The party involved will carry out complex financial
transactions in order to mix and camouflage the illegal source.
In a more complex scheme, the money launderer will move the
funds between a number of accounts in a number of different jurisdictions and
through a series of companies to ensure that the trail is as complicated as
possible. This will essentially obscure the audit trail and sever the link with
the original criminal proceeds. The funds can actually ‘spin’ up to ten times
prior to being integrated into the banking system. Law enforcement finds that detecting money
laundering is particularly difficult when the countries involved in the
layering process are tax havens or strict bank secrecy jurisdictions.[3]
c.
Third stage:
Integration
Integration: The third and final step of the money
laundering process is integration. During integration, the illicit funds return
to the legal economy and appear as legitimate business proceeds. The paper trail
created through the layering process complicates law enforcement's task of
determining which funds within the legitimate economy are illegal.
The cash from the illegal means can no longer be
distinguished from legal ones after integration.
By this stage, there is no longer any trace or indication
that the assets or cash originated from illegal sources.
10.2 Money laundering methods and loopholes
Below are some of the known methods:
1. Purchase of assets like classic paintings, antiques, stamps
and coins, investment products, boats, chips at casino, lottery tickets,
premium bonds, shares in private companies, commodities or precious metals. By
purchasing these assets, the illegal money will be transferred to the seller.
If the transaction is private, it will be more difficult to detect.
2. As national asset or property: This method can only be done
by a select few. For dictators or leaders of states that have full control over
their state, they will treat government’s money and assets as their own in the
sense that they can use them as they please without restrain. It is possible
for this group to mix the national or government’s assets with the money that
they obtained from illegal means. This method is only possible if they can deal
with the national or government assets as they please. Since the state possesses
immunity, it would be more difficult to disrupt their money-laundering
activities. This is money laundering at national level.

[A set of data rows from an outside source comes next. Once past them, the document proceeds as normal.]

(* The two morphisms \[\mathbb{P}^1\times\mathbb{P}^1 \to \mathbb{P}^3,\quad [x_0:x_1]\times[y_0:y_1] \mapsto [x_0y_0^2 : x_1y_0^2 + 2x_0y_0y_1 : 2x_1y_0y_1 + x_0y_1^2 : x_1y_1^2],\] and \[\mathbb{P}^2\times\mathbb{P}^2 \to \mathbb{P}^8,\quad [x_0:x_1:x_2]\times[y_0:y_1:y_2] \mapsto [x_0y_0^2 : x_1y_1^2 : x_2y_2^2 : x_0y_1^2 + 2x_1y_0y_1 : x_1y_2^2 + 2x_2y_1y_2 : x_2y_0^2 + 2x_0y_0y_2 : 2x_0y_1y_2 + 2x_1y_0y_2 + 2x_2y_0y_1 : x_1y_0^2 - x_2y_1^2 + 2x_0y_0y_1 - 2x_1y_1y_2 : x_1y_0^2 - x_0y_2^2 + 2x_0y_0y_1 - 2x_2y_0y_2]\] are injective. In particular, $\operatorname{injdim}(\mathbb{P}^1\times\mathbb{P}^1,\mathcal{O}(1,2)) = 3$ and $\operatorname{injdim}(\mathbb{P}^2\times\mathbb{P}^2,\mathcal{O}(1,2)) \leq 8$.
   Context: Over $\mathbb{C}$. For a line bundle $\mathscr{L}$ on a projective variety $X$ and a nonzero subspace $V \subseteq H^0(X,\mathscr{L})$, $\varphi_V \colon X \dashrightarrow \mathbb{P}(V^* )$ is the rational map given by the sections in $V$; $\operatorname{injdim}(X,\mathscr{L}) := \inf\{\dim V - 1 : \varphi_V \text{ is an injective morphism}\}$. *)

theory Defs
  imports Complex_Main
begin

text \<open>Homogeneous coordinates of points of P^n: vectors nat => complex supported on {0..n}.\<close>
definition cvec :: "nat \<Rightarrow> (nat \<Rightarrow> complex) set" where
  "cvec n = {x. (\<forall>i>n. x i = 0) \<and> x \<noteq> (\<lambda>_. 0)}"

definition proj_eq :: "(nat \<Rightarrow> complex) \<Rightarrow> (nat \<Rightarrow> complex) \<Rightarrow> bool" where
  "proj_eq x x' \<longleftrightarrow> (\<exists>c. c \<noteq> 0 \<and> x' = (\<lambda>i. c * x i))"

text \<open>A global section of O(1,2) on P^n x P^n: a bihomogeneous form of bidegree (1,2)
  (linear in x, quadratic in y), viewed as a polynomial function.\<close>
definition form12 :: "nat \<Rightarrow> ((nat \<Rightarrow> complex) \<Rightarrow> (nat \<Rightarrow> complex) \<Rightarrow> complex) \<Rightarrow> bool" where
  "form12 n f \<longleftrightarrow> (\<exists>c. \<forall>x y. f x y =
      (\<Sum>i\<le>n. \<Sum>j\<le>n. \<Sum>k\<le>n. c i j k * x i * y j * y k))"

text \<open>The forms F 0, ..., F d define an injective morphism P^n x P^n -> P^d:
  no common zero (so the map is a morphism) and injective on projective points.\<close>
definition inj_morphism ::
  "nat \<Rightarrow> nat \<Rightarrow> (nat \<Rightarrow> (nat \<Rightarrow> complex) \<Rightarrow> (nat \<Rightarrow> complex) \<Rightarrow> complex) \<Rightarrow> bool" where
  "inj_morphism n d F \<longleftrightarrow>
     (\<forall>x\<in>cvec n. \<forall>y\<in>cvec n. \<exists>i\<le>d. F i x y \<noteq> 0) \<and>
     (\<forall>x\<in>cvec n. \<forall>y\<in>cvec n. \<forall>x'\<in>cvec n. \<forall>y'\<in>cvec n.
        (\<exists>c. c \<noteq> 0 \<and> (\<forall>i\<le>d. F i x' y' = c * F i x y)) \<longrightarrow> proj_eq x x' \<and> proj_eq y y')"

definition lin_indep_forms ::
  "nat \<Rightarrow> (nat \<Rightarrow> (nat \<Rightarrow> complex) \<Rightarrow> (nat \<Rightarrow> complex) \<Rightarrow> complex) \<Rightarrow> bool" where
  "lin_indep_forms d F \<longleftrightarrow>
     (\<forall>a. (\<forall>x y. (\<Sum>i\<le>d. a i * F i x y) = 0) \<longrightarrow> (\<forall>i\<le>d. a i = 0))"

text \<open>injdim(P^n x P^n, O(1,2)): the least dim V - 1 over subspaces V of H^0(O(1,2))
  with phi_V an injective morphism; V is given by a basis F 0, ..., F d.\<close>
definition injdim_O12 :: "nat \<Rightarrow> nat" where
  "injdim_O12 n = Inf {d. \<exists>F. (\<forall>i\<le>d. form12 n (F i)) \<and> lin_indep_forms d F \<and> inj_morphism n d F}"

definition mapP1 :: "nat \<Rightarrow> (nat \<Rightarrow> complex) \<Rightarrow> (nat \<Rightarrow> complex) \<Rightarrow> complex" where
  "mapP1 i x y = [x 0 * y 0 ^ 2,
                  x 1 * y 0 ^ 2 + 2 * x 0 * y 0 * y 1,
                  2 * x 1 * y 0 * y 1 + x 0 * y 1 ^ 2,
                  x 1 * y 1 ^ 2] ! i"

definition mapP2 :: "nat \<Rightarrow> (nat \<Rightarrow> complex) \<Rightarrow> (nat \<Rightarrow> complex) \<Rightarrow> complex" where
  "mapP2 i x y = [x 0 * y 0 ^ 2,
                  x 1 * y 1 ^ 2,
                  x 2 * y 2 ^ 2,
                  x 0 * y 1 ^ 2 + 2 * x 1 * y 0 * y 1,
                  x 1 * y 2 ^ 2 + 2 * x 2 * y 1 * y 2,
                  x 2 * y 0 ^ 2 + 2 * x 0 * y 0 * y 2,
                  2 * x 0 * y 1 * y 2 + 2 * x 1 * y 0 * y 2 + 2 * x 2 * y 0 * y 1,
                  x 1 * y 0 ^ 2 - x 2 * y 1 ^ 2 + 2 * x 0 * y 0 * y 1 - 2 * x 1 * y 1 * y 2,
                  x 1 * y 0 ^ 2 - x 0 * y 2 ^ 2 + 2 * x 0 * y 0 * y 1 - 2 * x 2 * y 0 * y 2] ! i"

end

(* Write L = x . z and M = y . z for the linear forms with coefficient vectors x and y.
   The cubic L M^2 determines (x, y) up to scalars: its gradient is M (M x + 2 L y), and at a
   point where M does not vanish, M x + 2 L y = 0 would give 3 L M = 0 by Euler's identity, so
   the singular locus of L M^2 is exactly the line M = 0; this recovers y, and then x.
   On binary forms this is the map P1 x P1 -> P3.  The map P2 x P2 -> P8 is the composite of
   (x, y) |-> L M^2 with the linear projection from the Klein cubic K = z0^2 z1 + z1^2 z2 + z2^2 z0:
   if L' M'^2 - c L M^2 = t K, then at a common zero p of M and M' both cubics on the left are
   singular, so t grad K(p) = 0, and t = 0 because K is smooth.
   For the lower bound, evaluating d + 1 forms of bidegree (1,2) at the 2(n + 1) points
   (e_a, e_b), b = 0, 1, gives more vectors in C^(d+1) than its dimension when d <= 2n; by
   linearity in the first factor a linear relation among them is a pair x, x' with
   F(x, e_0) = - F(x', e_1), which contradicts injectivity or the absence of base points. *)

theory Submission
  imports Defs
begin

lemma homogeneous_system_nontrivial_solution:
  fixes a :: "'i \<Rightarrow> 'j \<Rightarrow> 'a::field"
  assumes "finite I" "finite J" "card I < card J"
  obtains v where "\<exists>j\<in>J. v j \<noteq> 0" "\<And>i. i \<in> I \<Longrightarrow> (\<Sum>j\<in>J. a i j * v j) = 0"
proof -
  have "\<exists>v. (\<exists>j\<in>J. v j \<noteq> 0) \<and> (\<forall>i\<in>I. (\<Sum>j\<in>J. a i j * v j) = 0)"
    using assms(1,2,3)
  proof (induction I arbitrary: J a rule: finite_induct)
    case empty
    then obtain j0 where "j0 \<in> J" by fastforce
    then show ?case by (intro exI[of _ "\<lambda>j. if j = j0 then 1 else 0"]) auto
  next
    case (insert i0 I)
    show ?case
    proof (cases "\<exists>j0\<in>J. a i0 j0 \<noteq> 0")
      case False
      then show ?thesis using insert.IH[of J a] insert.prems insert.hyps by auto
    next
      case True
      then obtain j0 where j0: "j0 \<in> J" "a i0 j0 \<noteq> 0" by blast
      let ?J = "J - {j0}"
      \<comment> \<open>eliminate the unknown \<open>j0\<close> using the equation \<open>i0\<close>\<close>
      define b where "b i j = a i j - a i j0 / a i0 j0 * a i0 j" for i j
      have "finite ?J" "card I < card ?J"
        using insert.prems insert.hyps j0(1) by (auto simp: card_Diff_singleton)
      then obtain w where w: "\<exists>j\<in>?J. w j \<noteq> 0" "\<forall>i\<in>I. (\<Sum>j\<in>?J. b i j * w j) = 0"
        using insert.IH[of ?J b] by blast
      define v where "v j = (if j = j0 then - (\<Sum>j\<in>?J. a i0 j * w j) / a i0 j0 else w j)" for j
      have v_sum: "(\<Sum>j\<in>J. c j * v j) = c j0 * v j0 + (\<Sum>j\<in>?J. c j * w j)" for c
        using insert.prems(1) j0(1) by (simp add: sum.remove v_def)
      have v_b: "(\<Sum>j\<in>J. a i j * v j) = (\<Sum>j\<in>?J. b i j * w j)" for i
      proof -
        have "(\<Sum>j\<in>J. a i j * v j) = (\<Sum>j\<in>?J. a i j * w j) - a i j0 / a i0 j0 * (\<Sum>j\<in>?J. a i0 j * w j)"
          unfolding v_sum by (simp add: v_def)
        also have "\<dots> = (\<Sum>j\<in>?J. b i j * w j)"
          by (simp add: b_def algebra_simps sum_subtractf sum_distrib_left)
        finally show ?thesis .
      qed
      have "b i0 j = 0" for j using j0(2) by (simp add: b_def)
      then have "(\<Sum>j\<in>J. a i j * v j) = 0" if "i \<in> insert i0 I" for i
        using that w(2) by (auto simp: v_b)
      moreover have "\<exists>j\<in>J. v j \<noteq> 0" using w(1) by (auto simp: v_def)
      ultimately show ?thesis by blast
    qed
  qed
  then show ?thesis using that by blast
qed

definition std_basis :: "nat \<Rightarrow> nat \<Rightarrow> complex" where
  "std_basis a = (\<lambda>i. if i = a then 1 else 0)"

lemma std_basis_in_cvec: "a \<le> n \<Longrightarrow> std_basis a \<in> cvec n"
  unfolding cvec_def std_basis_def by (auto simp: fun_eq_iff)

3. Unregulated political fund
4. As money from legitimate bank’s business: A large scale
syndicate can possess enough fund to purchase a bank or a financial institution
and use the bank or financial institution as a front for their money laundering
activities. This will involve a series of
fictional transactions and investments.
5. As profit from big business: A simple example is owning a
casino. Since there is no proper recording on casino’s actual transactions, it
is always possible for criminal syndicate to own a casino and mix the money
with the actual profit made by the casino. The casino can be used for
large-scale money-laundering activities.
6. Real estate: Real estate may be purchased with illegal
proceeds, and then sold. The proceeds from the sale appear to outsiders to be
legitimate income. Alternatively, the price of the property is manipulated; the
seller will agree to a contract that under-represents the value of the
property, and will receive criminal proceeds to make up the difference.
7. Precious metals and gems: The syndicate can purchase
precious gems like diamonds from illegal market (smuggled etc) and mix them
with the legitimate diamonds. After the gems or diamonds are mingled, these
stones will be smuggled to certain centers like Bangkok where a certificate of
authenticity often appears out of the blue. The syndicate will need a partner
in Bangkok and oversea.
8. As winning from gambling: This method carries some risk
with it. The criminal can gamble with the money obtained from illegal means
with the hope that he will win some. If he manages to win some money from the
gambling activity, the money won will seems legitimate. For example, a group of
criminals go to a casino and gamble with RM500,000.00. They lose RM200,000.00.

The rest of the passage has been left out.